▸ Requirement: Each line below should be written out exactly, with none skipped.

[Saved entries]
--------------------------------------------------

lemma exp_cost_rotated:
  assumes sto: "stochastic_matrix (P :: 's::finite \<Rightarrow> 's \<Rightarrow> real)"
  shows "exp_cost P f (rot_stage P f l lam) (rot_term Vf lam Vfs lams) N x \<theta> u
       = exp_cost P f l Vf N x \<theta> u + (lam x \<theta> - Vfs - lams)"
proof -
  define B where "B ts j = lam (traj f x u ts (Suc j)) (ts ! Suc j)" for ts j
  define A where "A ts j = (\<Sum>i\<in>UNIV. P (ts ! j) i * lam (traj f x u ts (Suc j)) i)" for ts j
  have cancel: "(\<Sum>ts\<in>mode_paths N \<theta>. path_prob P ts * B ts j)
      = (\<Sum>ts\<in>mode_paths N \<theta>. path_prob P ts * A ts j)" if "j < N" for j
  proof -
    have "traj f x u ts (Suc j) = traj f x u (take (Suc j) ts) (Suc j)" for ts
      by (simp add: traj_take)
    then show ?thesis
      unfolding A_def B_def
      using sum_mode_paths_next_mode[OF sto that, where \<theta>=\<theta> and g="\<lambda>hs. lam (traj f x u hs (Suc j))"]
      by (simp del: traj.simps)
  qed
  have "exp_cost P f (rot_stage P f l lam) (rot_term Vf lam Vfs lams) N x \<theta> u
      = exp_cost P f l Vf N x \<theta> u
        + (\<Sum>ts\<in>mode_paths N \<theta>. path_prob P ts) * (lam x \<theta> - Vfs - lams)
        + (\<Sum>j<N. (\<Sum>ts\<in>mode_paths N \<theta>. path_prob P ts * B ts j)
                 - (\<Sum>ts\<in>mode_paths N \<theta>. path_prob P ts * A ts j))"
    unfolding exp_cost_def
    by (simp add: path_cost_rotated A_def B_def algebra_simps sum_distrib_left
        sum_distrib_right sum.distrib sum_subtractf sum.swap[of _ "{..<N}"] cong: sum.cong
        del: traj.simps(2))
  then show ?thesis
    using cancel by (simp add: sum_path_prob_eq_1[OF sto])
qed

lemma minimizers_cost_shift:
  assumes "\<And>u. exp_cost P f stage' Vf' N x \<theta> u = exp_cost P f stage Vf N x \<theta> u + c"
  shows "minimizers P f Y Xf stage' Vf' N x \<theta> = minimizers P f Y Xf stage Vf N x \<theta>"
  unfolding minimizers_def assms by simp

--------------------------------------------------

▸ Answer to the problem:
lemma exp_cost_rotated:
  assumes sto: "stochastic_matrix (P :: 's::finite \<Rightarrow> 's \<Rightarrow> real)"
  shows "exp_cost P f (rot_stage P f l lam) (rot_term Vf lam Vfs lams) N x \<theta> u
       = exp_cost P f l Vf N x \<theta> u + (lam x \<theta> - Vfs - lams)"
proof -
  define B where "B ts j = lam (traj f x u ts (Suc j)) (ts ! Suc j)" for ts j
  define A where "A ts j = (\<Sum>i\<in>UNIV. P (ts ! j) i * lam (traj f x u ts (Suc j)) i)" for ts j
  have cancel: "(\<Sum>ts\<in>mode_paths N \<theta>. path_prob P ts * B ts j)
      = (\<Sum>ts\<in>mode_paths N \<theta>. path_prob P ts * A ts j)" if "j < N" for j
  proof -
    have "traj f x u ts (Suc j) = traj f x u (take (Suc j) ts) (Suc j)" for ts
      by (simp add: traj_take)
    then show ?thesis
      unfolding A_def B_def
      using sum_mode_paths_next_mode[OF sto that, where \<theta>=\<theta> and g="\<lambda>hs. lam (traj f x u hs (Suc j))"]
      by (simp del: traj.simps)
  qed
  have "exp_cost P f (rot_stage P f l lam) (rot_term Vf lam Vfs lams) N x \<theta> u
      = exp_cost P f l Vf N x \<theta> u
        + (\<Sum>ts\<in>mode_paths N \<theta>. path_prob P ts) * (lam x \<theta> - Vfs - lams)
        + (\<Sum>j<N. (\<Sum>ts\<in>mode_paths N \<theta>. path_prob P ts * B ts j)
                 - (\<Sum>ts\<in>mode_paths N \<theta>. path_prob P ts * A ts j))"
    unfolding exp_cost_def
    by (simp add: path_cost_rotated A_def B_def algebra_simps sum_distrib_left
        sum_distrib_right sum.distrib sum_subtractf sum.swap[of _ "{..<N}"] cong: sum.cong
        del: traj.simps(2))
  then show ?thesis
    using cancel by (simp add: sum_path_prob_eq_1[OF sto])
qed

lemma minimizers_cost_shift:
  assumes "\<And>u. exp_cost P f stage' Vf' N x \<theta> u = exp_cost P f stage Vf N x \<theta> u + c"
  shows "minimizers P f Y Xf stage' Vf' N x \<theta> = minimizers P f Y Xf stage Vf N x \<theta>"
  unfolding minimizers_def assms by simp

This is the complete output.